__To do__
Repeat only the stretch of lines below that runs from the line with "real \<Rightarrow> 'x" through the line with "pmf \<Rightarrow> real", unaltered.

__Record extracts__
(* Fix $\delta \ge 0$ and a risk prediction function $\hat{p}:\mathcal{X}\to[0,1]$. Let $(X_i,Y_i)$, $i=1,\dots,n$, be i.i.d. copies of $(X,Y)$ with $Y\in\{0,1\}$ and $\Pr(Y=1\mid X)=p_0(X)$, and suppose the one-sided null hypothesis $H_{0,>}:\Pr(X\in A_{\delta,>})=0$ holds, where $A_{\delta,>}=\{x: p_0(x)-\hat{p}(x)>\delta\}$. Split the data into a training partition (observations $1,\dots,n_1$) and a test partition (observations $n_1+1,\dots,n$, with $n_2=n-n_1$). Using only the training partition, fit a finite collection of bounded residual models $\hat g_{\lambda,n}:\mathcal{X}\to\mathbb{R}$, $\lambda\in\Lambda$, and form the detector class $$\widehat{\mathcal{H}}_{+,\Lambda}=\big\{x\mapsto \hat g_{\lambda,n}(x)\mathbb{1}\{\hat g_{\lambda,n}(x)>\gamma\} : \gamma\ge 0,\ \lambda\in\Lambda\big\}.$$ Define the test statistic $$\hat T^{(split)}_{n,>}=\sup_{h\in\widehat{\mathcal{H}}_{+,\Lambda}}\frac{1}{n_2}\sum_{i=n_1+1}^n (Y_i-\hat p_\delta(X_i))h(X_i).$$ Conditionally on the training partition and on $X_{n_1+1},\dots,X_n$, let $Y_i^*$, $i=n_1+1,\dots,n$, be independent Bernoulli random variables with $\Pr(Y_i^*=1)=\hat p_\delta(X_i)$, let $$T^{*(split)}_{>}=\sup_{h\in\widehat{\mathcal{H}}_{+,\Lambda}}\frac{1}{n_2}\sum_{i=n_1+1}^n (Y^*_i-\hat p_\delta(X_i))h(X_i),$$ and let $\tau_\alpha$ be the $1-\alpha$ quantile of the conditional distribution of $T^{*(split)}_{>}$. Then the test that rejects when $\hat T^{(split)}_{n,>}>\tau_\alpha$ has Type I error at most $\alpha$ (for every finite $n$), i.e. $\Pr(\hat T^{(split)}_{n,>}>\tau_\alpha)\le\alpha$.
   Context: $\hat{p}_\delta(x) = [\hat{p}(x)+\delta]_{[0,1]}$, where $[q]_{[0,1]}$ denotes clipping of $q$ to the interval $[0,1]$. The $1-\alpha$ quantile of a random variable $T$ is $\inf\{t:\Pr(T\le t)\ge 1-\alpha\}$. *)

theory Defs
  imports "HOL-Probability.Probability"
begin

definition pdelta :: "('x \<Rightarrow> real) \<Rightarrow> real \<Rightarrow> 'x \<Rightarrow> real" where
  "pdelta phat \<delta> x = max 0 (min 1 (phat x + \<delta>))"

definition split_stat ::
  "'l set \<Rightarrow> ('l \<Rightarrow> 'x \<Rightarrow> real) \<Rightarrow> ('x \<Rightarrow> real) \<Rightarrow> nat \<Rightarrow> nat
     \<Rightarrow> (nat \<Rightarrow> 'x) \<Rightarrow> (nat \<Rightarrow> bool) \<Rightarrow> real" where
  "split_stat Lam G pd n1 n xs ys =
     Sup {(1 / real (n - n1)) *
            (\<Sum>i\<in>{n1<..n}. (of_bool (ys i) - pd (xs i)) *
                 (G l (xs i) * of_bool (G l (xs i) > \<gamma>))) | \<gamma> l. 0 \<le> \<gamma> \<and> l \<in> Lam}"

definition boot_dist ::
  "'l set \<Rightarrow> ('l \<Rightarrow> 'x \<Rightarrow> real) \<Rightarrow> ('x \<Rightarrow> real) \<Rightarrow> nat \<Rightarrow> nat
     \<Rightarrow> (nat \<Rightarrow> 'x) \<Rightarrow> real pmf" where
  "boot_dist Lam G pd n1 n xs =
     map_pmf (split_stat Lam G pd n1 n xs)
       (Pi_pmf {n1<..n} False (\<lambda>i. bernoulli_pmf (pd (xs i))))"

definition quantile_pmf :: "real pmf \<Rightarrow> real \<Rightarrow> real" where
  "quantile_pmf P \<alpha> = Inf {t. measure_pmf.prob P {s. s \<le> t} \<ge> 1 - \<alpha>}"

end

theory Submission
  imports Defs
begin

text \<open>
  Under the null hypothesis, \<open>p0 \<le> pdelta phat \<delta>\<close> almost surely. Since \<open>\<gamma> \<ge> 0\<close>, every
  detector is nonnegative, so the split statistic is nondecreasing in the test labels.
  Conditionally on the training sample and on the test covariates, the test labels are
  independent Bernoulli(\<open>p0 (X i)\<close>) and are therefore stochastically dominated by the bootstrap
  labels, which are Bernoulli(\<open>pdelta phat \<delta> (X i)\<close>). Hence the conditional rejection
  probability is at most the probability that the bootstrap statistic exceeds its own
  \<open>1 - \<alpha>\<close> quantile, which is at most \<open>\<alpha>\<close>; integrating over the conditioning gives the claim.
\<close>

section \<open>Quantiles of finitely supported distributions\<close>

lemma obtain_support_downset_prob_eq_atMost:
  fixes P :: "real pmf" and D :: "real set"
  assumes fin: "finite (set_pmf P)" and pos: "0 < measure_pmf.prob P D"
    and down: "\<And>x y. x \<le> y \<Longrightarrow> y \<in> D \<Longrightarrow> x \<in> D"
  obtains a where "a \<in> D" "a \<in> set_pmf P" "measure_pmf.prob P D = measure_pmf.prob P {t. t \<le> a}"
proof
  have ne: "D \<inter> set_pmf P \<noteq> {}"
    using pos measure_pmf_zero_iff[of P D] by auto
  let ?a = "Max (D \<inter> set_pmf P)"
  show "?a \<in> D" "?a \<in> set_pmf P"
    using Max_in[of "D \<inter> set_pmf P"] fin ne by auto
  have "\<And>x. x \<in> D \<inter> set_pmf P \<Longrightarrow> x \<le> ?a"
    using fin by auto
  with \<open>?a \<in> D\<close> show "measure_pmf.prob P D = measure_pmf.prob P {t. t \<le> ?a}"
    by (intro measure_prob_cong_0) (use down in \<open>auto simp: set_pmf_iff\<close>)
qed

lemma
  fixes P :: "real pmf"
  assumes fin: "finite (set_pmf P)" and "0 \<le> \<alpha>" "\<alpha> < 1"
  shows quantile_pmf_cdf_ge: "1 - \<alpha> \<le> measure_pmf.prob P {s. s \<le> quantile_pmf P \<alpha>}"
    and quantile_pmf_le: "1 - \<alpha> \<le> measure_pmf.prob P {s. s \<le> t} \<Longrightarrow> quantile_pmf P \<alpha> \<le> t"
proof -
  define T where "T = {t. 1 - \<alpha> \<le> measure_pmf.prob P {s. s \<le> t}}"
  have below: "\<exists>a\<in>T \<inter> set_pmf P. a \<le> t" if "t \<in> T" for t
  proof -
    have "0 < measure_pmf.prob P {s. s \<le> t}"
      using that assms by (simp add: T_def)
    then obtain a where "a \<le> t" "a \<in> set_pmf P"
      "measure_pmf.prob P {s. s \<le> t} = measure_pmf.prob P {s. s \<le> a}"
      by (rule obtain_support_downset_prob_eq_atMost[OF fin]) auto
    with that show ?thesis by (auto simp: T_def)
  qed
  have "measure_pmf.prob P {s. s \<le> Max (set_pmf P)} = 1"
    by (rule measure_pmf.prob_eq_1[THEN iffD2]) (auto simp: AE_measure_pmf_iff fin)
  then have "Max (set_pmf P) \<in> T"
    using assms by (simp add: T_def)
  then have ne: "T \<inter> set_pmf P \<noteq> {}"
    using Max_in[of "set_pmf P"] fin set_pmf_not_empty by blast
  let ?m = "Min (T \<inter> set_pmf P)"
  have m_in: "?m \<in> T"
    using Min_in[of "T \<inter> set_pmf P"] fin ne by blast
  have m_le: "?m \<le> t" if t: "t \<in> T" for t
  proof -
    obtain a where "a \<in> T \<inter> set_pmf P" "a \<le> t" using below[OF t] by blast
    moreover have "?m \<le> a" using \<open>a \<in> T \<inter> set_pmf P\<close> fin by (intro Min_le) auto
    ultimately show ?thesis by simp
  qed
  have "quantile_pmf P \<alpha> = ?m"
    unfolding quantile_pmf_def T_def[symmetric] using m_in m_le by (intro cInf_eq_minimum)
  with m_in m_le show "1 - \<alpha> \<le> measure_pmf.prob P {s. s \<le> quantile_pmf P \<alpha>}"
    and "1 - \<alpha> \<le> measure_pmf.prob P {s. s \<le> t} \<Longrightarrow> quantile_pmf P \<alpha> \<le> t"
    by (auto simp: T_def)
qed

...

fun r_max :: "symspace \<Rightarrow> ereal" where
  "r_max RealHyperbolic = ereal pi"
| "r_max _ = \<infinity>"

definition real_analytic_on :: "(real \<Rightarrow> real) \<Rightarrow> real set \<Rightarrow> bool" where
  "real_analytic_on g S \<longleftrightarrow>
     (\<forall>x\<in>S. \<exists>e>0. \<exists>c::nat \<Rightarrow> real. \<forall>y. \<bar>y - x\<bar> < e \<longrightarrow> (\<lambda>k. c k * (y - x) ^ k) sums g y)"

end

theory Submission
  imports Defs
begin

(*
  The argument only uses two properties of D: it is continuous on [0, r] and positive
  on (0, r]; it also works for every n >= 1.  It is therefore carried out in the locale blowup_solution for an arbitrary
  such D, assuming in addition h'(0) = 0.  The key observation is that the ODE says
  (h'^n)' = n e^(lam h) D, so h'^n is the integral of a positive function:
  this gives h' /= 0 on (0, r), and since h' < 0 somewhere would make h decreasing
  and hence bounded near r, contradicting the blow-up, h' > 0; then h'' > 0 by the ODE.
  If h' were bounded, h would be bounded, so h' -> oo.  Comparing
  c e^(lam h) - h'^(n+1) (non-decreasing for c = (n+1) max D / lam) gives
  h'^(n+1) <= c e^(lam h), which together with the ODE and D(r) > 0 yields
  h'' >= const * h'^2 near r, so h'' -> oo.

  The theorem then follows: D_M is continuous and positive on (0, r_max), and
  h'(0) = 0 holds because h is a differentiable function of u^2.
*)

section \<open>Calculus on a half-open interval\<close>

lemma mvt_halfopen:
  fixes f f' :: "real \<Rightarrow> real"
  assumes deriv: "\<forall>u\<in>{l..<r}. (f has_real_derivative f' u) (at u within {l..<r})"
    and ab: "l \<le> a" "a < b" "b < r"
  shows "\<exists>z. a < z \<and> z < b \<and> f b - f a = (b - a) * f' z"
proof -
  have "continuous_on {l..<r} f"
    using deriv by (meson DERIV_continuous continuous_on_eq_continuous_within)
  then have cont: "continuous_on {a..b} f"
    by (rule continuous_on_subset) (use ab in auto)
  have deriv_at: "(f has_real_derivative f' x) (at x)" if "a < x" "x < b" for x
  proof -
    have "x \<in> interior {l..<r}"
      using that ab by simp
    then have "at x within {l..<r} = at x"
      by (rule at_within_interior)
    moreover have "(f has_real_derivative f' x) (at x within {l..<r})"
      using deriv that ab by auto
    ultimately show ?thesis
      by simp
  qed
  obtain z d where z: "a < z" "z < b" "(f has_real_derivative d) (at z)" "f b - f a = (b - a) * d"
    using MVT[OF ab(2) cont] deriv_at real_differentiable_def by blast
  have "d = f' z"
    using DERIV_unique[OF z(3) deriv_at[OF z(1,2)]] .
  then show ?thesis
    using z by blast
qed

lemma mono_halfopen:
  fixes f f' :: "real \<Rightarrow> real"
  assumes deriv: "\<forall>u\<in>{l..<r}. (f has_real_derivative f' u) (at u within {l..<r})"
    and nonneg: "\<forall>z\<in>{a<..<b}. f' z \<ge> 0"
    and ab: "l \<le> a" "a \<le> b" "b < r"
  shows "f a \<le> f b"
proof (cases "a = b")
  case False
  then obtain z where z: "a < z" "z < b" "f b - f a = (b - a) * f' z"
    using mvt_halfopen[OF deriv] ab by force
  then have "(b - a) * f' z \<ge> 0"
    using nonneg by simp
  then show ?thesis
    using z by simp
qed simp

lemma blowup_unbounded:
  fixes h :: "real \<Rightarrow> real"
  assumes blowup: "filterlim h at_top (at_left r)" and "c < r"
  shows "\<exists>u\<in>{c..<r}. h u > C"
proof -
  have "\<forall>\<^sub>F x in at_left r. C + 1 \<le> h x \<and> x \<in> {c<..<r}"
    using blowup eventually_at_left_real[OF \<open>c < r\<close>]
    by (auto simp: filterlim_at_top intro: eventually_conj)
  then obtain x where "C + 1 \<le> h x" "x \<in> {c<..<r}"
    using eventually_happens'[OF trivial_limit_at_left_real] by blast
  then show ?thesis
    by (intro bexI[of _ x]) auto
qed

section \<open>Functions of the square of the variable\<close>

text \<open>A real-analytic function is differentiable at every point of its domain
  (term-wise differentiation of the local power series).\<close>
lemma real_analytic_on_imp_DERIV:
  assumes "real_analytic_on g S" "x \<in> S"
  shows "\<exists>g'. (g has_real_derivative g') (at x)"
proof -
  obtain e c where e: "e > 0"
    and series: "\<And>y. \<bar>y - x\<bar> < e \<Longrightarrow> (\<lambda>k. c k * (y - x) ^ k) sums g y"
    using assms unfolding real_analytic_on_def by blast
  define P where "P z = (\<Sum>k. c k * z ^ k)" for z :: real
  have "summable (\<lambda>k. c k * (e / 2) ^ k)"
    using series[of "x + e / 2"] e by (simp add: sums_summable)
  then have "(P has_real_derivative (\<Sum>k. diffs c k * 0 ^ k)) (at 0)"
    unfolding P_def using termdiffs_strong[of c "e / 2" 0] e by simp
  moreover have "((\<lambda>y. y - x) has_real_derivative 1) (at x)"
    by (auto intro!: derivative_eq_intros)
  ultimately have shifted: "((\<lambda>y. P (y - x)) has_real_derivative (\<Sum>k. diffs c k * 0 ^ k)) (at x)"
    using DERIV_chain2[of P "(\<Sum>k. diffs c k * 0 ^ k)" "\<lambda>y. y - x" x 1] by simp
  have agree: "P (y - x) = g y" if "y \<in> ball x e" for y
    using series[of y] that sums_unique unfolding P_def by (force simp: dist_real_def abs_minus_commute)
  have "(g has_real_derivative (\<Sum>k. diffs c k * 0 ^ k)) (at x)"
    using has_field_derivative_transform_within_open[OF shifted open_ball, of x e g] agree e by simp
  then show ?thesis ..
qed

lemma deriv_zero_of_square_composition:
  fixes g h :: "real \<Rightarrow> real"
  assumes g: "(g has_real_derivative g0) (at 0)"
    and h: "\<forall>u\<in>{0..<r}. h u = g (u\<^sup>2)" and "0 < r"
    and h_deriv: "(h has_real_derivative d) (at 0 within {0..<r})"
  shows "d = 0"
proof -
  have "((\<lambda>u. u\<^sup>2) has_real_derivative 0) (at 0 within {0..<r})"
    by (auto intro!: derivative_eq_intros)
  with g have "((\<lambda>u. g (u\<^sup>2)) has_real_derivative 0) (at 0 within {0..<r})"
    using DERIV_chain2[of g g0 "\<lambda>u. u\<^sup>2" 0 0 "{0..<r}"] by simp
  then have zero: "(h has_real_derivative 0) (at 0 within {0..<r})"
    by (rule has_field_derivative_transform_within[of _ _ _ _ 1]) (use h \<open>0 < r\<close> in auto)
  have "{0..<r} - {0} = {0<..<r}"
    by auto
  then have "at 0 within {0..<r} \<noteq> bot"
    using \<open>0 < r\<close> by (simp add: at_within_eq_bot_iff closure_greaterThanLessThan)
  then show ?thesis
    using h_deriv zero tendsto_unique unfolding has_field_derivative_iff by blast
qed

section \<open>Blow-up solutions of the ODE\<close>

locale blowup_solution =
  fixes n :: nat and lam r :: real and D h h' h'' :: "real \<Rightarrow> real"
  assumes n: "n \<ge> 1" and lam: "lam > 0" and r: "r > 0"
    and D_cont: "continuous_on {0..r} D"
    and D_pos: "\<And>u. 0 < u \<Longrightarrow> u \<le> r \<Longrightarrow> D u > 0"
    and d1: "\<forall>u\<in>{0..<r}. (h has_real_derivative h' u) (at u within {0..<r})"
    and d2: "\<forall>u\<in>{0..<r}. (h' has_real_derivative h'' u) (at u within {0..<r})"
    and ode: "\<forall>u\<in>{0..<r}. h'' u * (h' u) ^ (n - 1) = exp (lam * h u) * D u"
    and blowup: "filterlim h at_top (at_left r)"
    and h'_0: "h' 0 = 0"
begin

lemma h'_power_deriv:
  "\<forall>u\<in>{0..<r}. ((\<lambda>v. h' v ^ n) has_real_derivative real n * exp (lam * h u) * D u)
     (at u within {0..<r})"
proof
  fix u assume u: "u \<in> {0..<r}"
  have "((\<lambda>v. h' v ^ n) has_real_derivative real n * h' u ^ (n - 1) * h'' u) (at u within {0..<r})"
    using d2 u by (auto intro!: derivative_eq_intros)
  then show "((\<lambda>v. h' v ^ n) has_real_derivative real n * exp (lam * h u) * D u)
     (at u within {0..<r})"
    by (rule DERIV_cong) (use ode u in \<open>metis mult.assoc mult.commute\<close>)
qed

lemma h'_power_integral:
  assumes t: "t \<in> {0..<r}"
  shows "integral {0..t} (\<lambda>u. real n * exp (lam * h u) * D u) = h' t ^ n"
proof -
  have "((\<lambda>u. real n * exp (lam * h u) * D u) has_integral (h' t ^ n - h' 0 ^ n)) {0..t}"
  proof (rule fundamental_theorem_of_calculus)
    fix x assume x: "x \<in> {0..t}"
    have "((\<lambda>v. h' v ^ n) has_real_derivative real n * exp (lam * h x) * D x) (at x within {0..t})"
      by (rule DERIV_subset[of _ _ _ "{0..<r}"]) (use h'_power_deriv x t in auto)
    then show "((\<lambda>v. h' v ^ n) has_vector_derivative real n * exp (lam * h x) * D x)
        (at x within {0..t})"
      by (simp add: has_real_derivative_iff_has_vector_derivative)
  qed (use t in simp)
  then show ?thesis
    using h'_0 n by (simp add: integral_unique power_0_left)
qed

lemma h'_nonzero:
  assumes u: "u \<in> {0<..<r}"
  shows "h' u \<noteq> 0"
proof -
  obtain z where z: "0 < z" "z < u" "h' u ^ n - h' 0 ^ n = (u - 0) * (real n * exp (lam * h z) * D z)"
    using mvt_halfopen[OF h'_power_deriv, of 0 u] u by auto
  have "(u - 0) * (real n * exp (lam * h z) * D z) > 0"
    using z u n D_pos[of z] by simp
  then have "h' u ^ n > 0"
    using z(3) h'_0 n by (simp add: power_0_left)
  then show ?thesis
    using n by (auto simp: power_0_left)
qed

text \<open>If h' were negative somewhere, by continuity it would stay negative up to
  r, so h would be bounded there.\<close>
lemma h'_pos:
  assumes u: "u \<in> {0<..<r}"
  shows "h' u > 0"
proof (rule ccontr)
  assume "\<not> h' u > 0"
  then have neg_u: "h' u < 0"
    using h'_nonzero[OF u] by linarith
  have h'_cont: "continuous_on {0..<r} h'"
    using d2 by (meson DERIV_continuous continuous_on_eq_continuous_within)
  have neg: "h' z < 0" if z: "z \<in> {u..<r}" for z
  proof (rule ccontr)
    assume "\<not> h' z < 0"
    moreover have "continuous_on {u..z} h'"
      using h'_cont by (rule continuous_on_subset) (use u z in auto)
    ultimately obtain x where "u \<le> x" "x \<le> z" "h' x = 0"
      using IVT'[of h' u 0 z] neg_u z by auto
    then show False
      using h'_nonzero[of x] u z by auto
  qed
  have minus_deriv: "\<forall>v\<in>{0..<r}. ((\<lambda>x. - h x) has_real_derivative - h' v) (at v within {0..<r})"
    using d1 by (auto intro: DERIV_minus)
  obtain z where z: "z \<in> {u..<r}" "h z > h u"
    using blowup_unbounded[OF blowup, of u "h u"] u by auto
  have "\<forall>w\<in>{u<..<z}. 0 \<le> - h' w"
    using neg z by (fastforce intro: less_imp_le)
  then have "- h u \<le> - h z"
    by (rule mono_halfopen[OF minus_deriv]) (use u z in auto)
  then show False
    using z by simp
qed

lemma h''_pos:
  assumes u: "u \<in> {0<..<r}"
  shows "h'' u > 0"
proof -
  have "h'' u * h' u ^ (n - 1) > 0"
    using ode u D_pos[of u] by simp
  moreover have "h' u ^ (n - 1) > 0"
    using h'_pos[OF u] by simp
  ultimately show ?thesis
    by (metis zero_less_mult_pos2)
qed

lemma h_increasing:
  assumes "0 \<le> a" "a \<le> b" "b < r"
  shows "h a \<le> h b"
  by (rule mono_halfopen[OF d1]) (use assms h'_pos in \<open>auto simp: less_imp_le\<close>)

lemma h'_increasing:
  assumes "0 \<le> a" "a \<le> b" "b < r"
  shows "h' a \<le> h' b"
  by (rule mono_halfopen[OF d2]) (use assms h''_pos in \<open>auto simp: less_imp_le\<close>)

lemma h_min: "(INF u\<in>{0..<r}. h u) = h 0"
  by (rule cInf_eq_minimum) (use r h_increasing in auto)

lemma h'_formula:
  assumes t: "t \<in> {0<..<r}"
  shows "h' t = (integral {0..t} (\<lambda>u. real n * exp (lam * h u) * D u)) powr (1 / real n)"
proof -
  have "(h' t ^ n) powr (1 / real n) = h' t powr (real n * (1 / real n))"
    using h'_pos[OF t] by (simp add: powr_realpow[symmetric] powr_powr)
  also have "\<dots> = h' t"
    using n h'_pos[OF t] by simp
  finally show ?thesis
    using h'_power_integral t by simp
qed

* * *

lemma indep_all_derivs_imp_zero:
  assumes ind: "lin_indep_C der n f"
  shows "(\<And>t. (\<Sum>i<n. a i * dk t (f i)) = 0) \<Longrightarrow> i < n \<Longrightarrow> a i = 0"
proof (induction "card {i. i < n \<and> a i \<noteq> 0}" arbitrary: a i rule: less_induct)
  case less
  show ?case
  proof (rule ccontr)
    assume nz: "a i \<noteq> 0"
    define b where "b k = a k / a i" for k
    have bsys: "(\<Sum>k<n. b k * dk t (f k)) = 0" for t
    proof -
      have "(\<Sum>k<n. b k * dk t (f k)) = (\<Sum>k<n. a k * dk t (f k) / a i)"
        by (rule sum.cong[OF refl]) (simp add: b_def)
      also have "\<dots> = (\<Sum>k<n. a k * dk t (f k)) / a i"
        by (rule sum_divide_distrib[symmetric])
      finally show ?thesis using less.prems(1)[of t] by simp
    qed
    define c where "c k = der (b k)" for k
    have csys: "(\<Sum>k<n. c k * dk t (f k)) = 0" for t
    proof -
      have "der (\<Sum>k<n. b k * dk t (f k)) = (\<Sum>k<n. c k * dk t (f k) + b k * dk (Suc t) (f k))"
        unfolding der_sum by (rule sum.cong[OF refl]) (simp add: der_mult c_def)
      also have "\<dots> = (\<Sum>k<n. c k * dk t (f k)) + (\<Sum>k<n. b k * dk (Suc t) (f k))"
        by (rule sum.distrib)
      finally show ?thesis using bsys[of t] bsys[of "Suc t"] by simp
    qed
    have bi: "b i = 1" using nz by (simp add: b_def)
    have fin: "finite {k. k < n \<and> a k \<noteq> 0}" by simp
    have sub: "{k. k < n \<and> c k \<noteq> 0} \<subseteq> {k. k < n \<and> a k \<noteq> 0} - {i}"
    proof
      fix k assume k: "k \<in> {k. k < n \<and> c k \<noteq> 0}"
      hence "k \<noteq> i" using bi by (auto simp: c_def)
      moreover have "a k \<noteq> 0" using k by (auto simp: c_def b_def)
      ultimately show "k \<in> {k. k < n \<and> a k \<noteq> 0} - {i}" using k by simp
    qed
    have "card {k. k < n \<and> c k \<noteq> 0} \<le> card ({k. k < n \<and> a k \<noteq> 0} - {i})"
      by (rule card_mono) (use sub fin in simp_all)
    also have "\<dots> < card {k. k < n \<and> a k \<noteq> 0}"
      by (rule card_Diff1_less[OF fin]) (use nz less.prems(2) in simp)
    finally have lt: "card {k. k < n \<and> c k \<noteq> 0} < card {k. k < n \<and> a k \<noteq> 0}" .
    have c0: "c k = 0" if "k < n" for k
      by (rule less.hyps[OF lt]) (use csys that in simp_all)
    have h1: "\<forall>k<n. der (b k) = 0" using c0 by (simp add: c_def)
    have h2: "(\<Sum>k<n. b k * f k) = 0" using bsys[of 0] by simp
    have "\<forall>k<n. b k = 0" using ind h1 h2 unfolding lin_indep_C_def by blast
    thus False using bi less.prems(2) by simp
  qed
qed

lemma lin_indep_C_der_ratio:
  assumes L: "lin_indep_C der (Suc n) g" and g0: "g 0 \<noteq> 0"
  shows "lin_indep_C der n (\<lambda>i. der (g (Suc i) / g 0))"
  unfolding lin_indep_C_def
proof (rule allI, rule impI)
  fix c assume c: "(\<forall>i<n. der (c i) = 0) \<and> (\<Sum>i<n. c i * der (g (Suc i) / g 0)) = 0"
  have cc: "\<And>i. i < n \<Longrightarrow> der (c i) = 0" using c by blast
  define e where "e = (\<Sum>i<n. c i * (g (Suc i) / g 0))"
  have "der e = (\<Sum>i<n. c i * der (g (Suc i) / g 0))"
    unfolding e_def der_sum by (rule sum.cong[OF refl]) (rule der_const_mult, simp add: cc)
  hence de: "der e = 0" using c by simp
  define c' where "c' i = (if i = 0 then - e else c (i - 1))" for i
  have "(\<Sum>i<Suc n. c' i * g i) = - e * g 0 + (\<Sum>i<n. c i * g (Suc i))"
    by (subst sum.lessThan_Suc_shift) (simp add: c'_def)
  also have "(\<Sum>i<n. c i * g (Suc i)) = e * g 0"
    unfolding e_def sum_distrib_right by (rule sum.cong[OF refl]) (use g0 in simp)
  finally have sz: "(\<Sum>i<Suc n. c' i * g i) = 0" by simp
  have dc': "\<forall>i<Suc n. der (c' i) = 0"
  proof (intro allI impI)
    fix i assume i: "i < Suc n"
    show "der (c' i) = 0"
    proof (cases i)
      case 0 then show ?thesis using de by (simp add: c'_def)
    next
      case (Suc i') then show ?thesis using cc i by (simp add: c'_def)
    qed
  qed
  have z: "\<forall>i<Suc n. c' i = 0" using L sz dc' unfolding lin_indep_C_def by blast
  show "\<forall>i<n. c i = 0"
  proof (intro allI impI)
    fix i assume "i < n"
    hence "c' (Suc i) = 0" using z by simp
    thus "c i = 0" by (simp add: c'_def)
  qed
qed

__Answer to this problem__
definition pdelta :: "('x \<Rightarrow> real) \<Rightarrow> real \<Rightarrow> 'x \<Rightarrow> real" where
  "pdelta phat \<delta> x = max 0 (min 1 (phat x + \<delta>))"

definition split_stat ::
  "'l set \<Rightarrow> ('l \<Rightarrow> 'x \<Rightarrow> real) \<Rightarrow> ('x \<Rightarrow> real) \<Rightarrow> nat \<Rightarrow> nat
     \<Rightarrow> (nat \<Rightarrow> 'x) \<Rightarrow> (nat \<Rightarrow> bool) \<Rightarrow> real" where
  "split_stat Lam G pd n1 n xs ys =
     Sup {(1 / real (n - n1)) *
            (\<Sum>i\<in>{n1<..n}. (of_bool (ys i) - pd (xs i)) *
                 (G l (xs i) * of_bool (G l (xs i) > \<gamma>))) | \<gamma> l. 0 \<le> \<gamma> \<and> l \<in> Lam}"

definition boot_dist ::
  "'l set \<Rightarrow> ('l \<Rightarrow> 'x \<Rightarrow> real) \<Rightarrow> ('x \<Rightarrow> real) \<Rightarrow> nat \<Rightarrow> nat
     \<Rightarrow> (nat \<Rightarrow> 'x) \<Rightarrow> real pmf" where
  "boot_dist Lam G pd n1 n xs =
     map_pmf (split_stat Lam G pd n1 n xs)
       (Pi_pmf {n1<..n} False (\<lambda>i. bernoulli_pmf (pd (xs i))))"

definition quantile_pmf :: "real pmf \<Rightarrow> real \<Rightarrow> real" where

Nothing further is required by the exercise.